I won't say that anything really bad happened to me, but it was a scary time
and must certainly have affected my emotional constitution. Had we been pushed
just one day's journey further west, we would have wound up in West Germany.
But we were so tired of running, and at least we were hearing German and
not Russian, so we stopped in what turned out to be East Germany. I was then
sent off to Berlin and thought that I had lost my parents and three younger
siblings, but thank God I found them all again."
When he was 14 he was sent to Rheinsberg where he embarked
on his first serious music training which led to an early opportunity to
conduct a choir and also to compose. Passing the entrance exams and enrolling
in the Berliner Musikhochschule, Matthus soon encountered two personalities
that helped to shape his musical and professional horizons, the composers
Rudolf Wagner Régeny and Hanns Eisler. Although he saw his first opera
(Magic Flute) on his 17th birthday, he put off writing his own first
opera for another decade. Two other mentors in these student years were the
poet-playwright Bertolt Brecht and the legendary producer of the Komische
Oper Berlin, Walter Felsenstein. "The former was the personification
of intellectual, politicized art, the theatre of alienation; the latter the
consummate esthete. We youngsters were simultaneously exposed to these two
extreme camps.
Personally, I didn't really understand that there was such
a difference between them. Actually, I liked them both a lot. I didn't get
why they had to be adversarial. And now I also know that Brecht and Felsenstein
respected each other greatly. Eisler, too, was just tremendous, a great personality,
fantastically literate. He had been a Schoenberg student and knew as much
about philosophy and literature as he did about music. He would sit at the
piano he wasn't much of a pianist and play everything. He always complained
about Wagner, but he knew all the music by heart. I'm just sorry that I had
too many complexes when I was a young man to take full advantage of this
great teacher. I tell all my students that they should use their teachers
to the fullest."
From 1960 to 64, Matthus was a free-lance musician, composing
a good deal of Gebrauchsmusik of one sort or another. "I needed
the money. My wife was still studying and then our son was born. But it was
marvelous experience for me and I was able to learn a lot. It was the first
practical aspect of my education and gave me the courage to write my first
opera, Lazarillo vom Tormes (1963). It certainly wasn't a masterpiece,
but in the audience was none other than Felsenstein who must have sensed
that it had something. He invited me to become composer-in-residence at his
Komische Oper Berlin and I've been affiliated with that house ever since.
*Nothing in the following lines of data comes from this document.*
lemma card_le_24_mixed_or_inversion:
  assumes fin: "finite (carrier G)" and nid: "\<exists>x\<in>carrier G. \<phi> x \<noteq> x"
    and "card fixed \<le> 4 * card mixed_elements"
  shows "card (carrier G) \<le> 24 * card mixed_elements \<or> abelian_inversion G \<phi>"
proof (cases "3 * card (carrier G) < 4 * card inverted")
  case True
  then have "\<forall>a\<in>carrier G. \<phi> a = inv a"
    using subgroup_self fin \<phi>_closed \<phi>_mult unfolding inverted_def
    by (intro abelian_and_inverting_if_inverts_most(2)) auto
  then show ?thesis using abelian_inversion_if_inverts_all nid by blast
next
  case False
  have "card (carrier G) = card mixed_elements + card (fixed \<union> inverted)"
    using card_mixed_elements[OF fin] by simp
  moreover have "card (fixed \<union> inverted) \<le> card fixed + card inverted" by (rule card_Un_le)
  ultimately show ?thesis using False assms(3) by linarith
qed

lemma dicyclic_or_inversion_or_many_mixed:
  assumes fin: "finite (carrier G)" and nid: "\<exists>x\<in>carrier G. \<phi> x \<noteq> x"
  shows "dicyclic_bar_iota G \<phi> \<or> abelian_inversion G \<phi> \<or> card (carrier G) \<le> 24 * card mixed_elements"
proof (cases "4 * card mixed_elements < card fixed")
  case True
  then show ?thesis
    using dicyclic_or_inversion_if_outside_inverted[OF fin inverted_outside_fixed_if_few_mixed[OF fin True] nid]
    by blast
next
  case False
  then show ?thesis using card_le_24_mixed_or_inversion[OF fin nid] by linarith
qed

lemma card_le_double_mixed_if_not_involutive:
  assumes fin: "finite (carrier G)" and "\<exists>x\<in>carrier G. \<phi> (\<phi> x) \<noteq> x"
  shows "card (carrier G) \<le> 2 * card mixed_elements"
proof -
  define C where "C = {x \<in> carrier G. \<phi> (\<phi> x) = x}"
  have "subgroup C G"
    unfolding C_def by (rule subgroupI) (auto simp: \<phi>_one \<phi>_inv \<phi>_mult \<phi>_closed)
  moreover have "C \<noteq> carrier G" using assms(2) by (auto simp: C_def)
  ultimately have "2 * card C \<le> card (carrier G)"
    using fin by (intro card_subgroup_le_half[OF _ subgroup_self]) (auto simp: C_def)
  moreover have "fixed \<union> inverted \<subseteq> C" by (auto simp: C_def centralizer_aut_def inverted_def \<phi>_inv)
  then have "card (fixed \<union> inverted) \<le> card C" using fin by (intro card_mono) (auto simp: C_def)
  ultimately show ?thesis using card_mixed_elements[OF fin] by linarith
qed

end

lemma (in group) c_num_eq:
  assumes "finite (carrier G)"
  shows "c_num G = card (carrier G) - card {x \<in> carrier G. inv x \<noteq> x} / 2"
proof -
  have "involution_set G = {x \<in> carrier G. inv x = x}"
    unfolding involution_set_def by (metis (no_types, lifting) inv_equality r_inv)
  then have "card (involution_set G) + card {x \<in> carrier G. inv x \<noteq> x} = card (carrier G)"
    using assms by (subst card_Un_disjoint[symmetric]) (auto intro: arg_cong[where f = card])
  from arg_cong[where f = real, OF this] show ?thesis unfolding c_num_def of_nat_add by (simp add: field_simps)
qed

lemma (in group_endomorphism) card_invariant_inverse_closed_le:
  assumes fin: "finite (carrier G)" and inj: "inj_on \<phi> (carrier G)"
    and many_mixed: "card (carrier G) \<le> 24 * card mixed_elements"
  shows "real (card {S. S \<subseteq> carrier G \<and> inverse_closed G S \<and> \<phi> ` S = S})
    \<le> 2 powr (c_num G - real (card (carrier G)) / 96)"
proof -
  interpret I: commuting_involution "carrier G" "m_inv G" \<phi>
    by unfold_locales (auto simp: fin \<phi>_closed \<phi>_inv inj)
  have sets: "{S. S \<subseteq> carrier G \<and> inverse_closed G S \<and> \<phi> ` S = S} = I.invariant_sets"
    by (simp add: I.invariant_sets_def inverse_closed_def)
  have mixed: "I.mixed = mixed_elements"
    by (auto simp: I.mixed_def mixed_elements_def inverted_def centralizer_aut_def)
  obtain d :: real where d: "6 \<le> d \<or> 4 \<le> d \<and> (\<forall>x\<in>carrier G. \<phi> (\<phi> x) = x)"
    and d_bound: "card (carrier G) / 96 \<le> card mixed_elements / d"
  proof (cases "\<forall>x\<in>carrier G. \<phi> (\<phi> x) = x")
    case True
    then show ?thesis using that[of 4] many_mixed by simp
  next
    case False
    then show ?thesis
      using that[of 6] card_le_double_mixed_if_not_involutive[OF fin] by simp
  qed
  have "real (card I.invariant_sets)
      \<le> 2 powr (card (carrier G) - card {x \<in> carrier G. inv x \<noteq> x} / 2 - card I.mixed / d)"
    using d by (rule I.card_invariant_sets_le)
  also have "\<dots> \<le> 2 powr (c_num G - real (card (carrier G)) / 96)"
    using d_bound by (simp add: c_num_eq[OF fin] mixed)
  finally show ?thesis by (simp add: sets)
qed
What a break! His analyses of opera were among the great highlights of my
development. He would question everything. He didn't want to know about the
baggage of a thousand previous productions. He started from scratch. Who
was Mr. Schikaneder? What could the composer have had in mind with that mezzo-forte?
How can one portray all those fast notes on the stage? Walter Felstenstein
was no composer and never taught opera composition, but I learned how to
compose operas from him."
Matthus got to know other young professionals. One was a
budding opera director who suggested that they collaborate on a piece. That
turned out to be his second opera, Der letzte Schufß (1966/67) and
the director was Götz Friedrich, now in charge of the Deutsche Oper Berlin.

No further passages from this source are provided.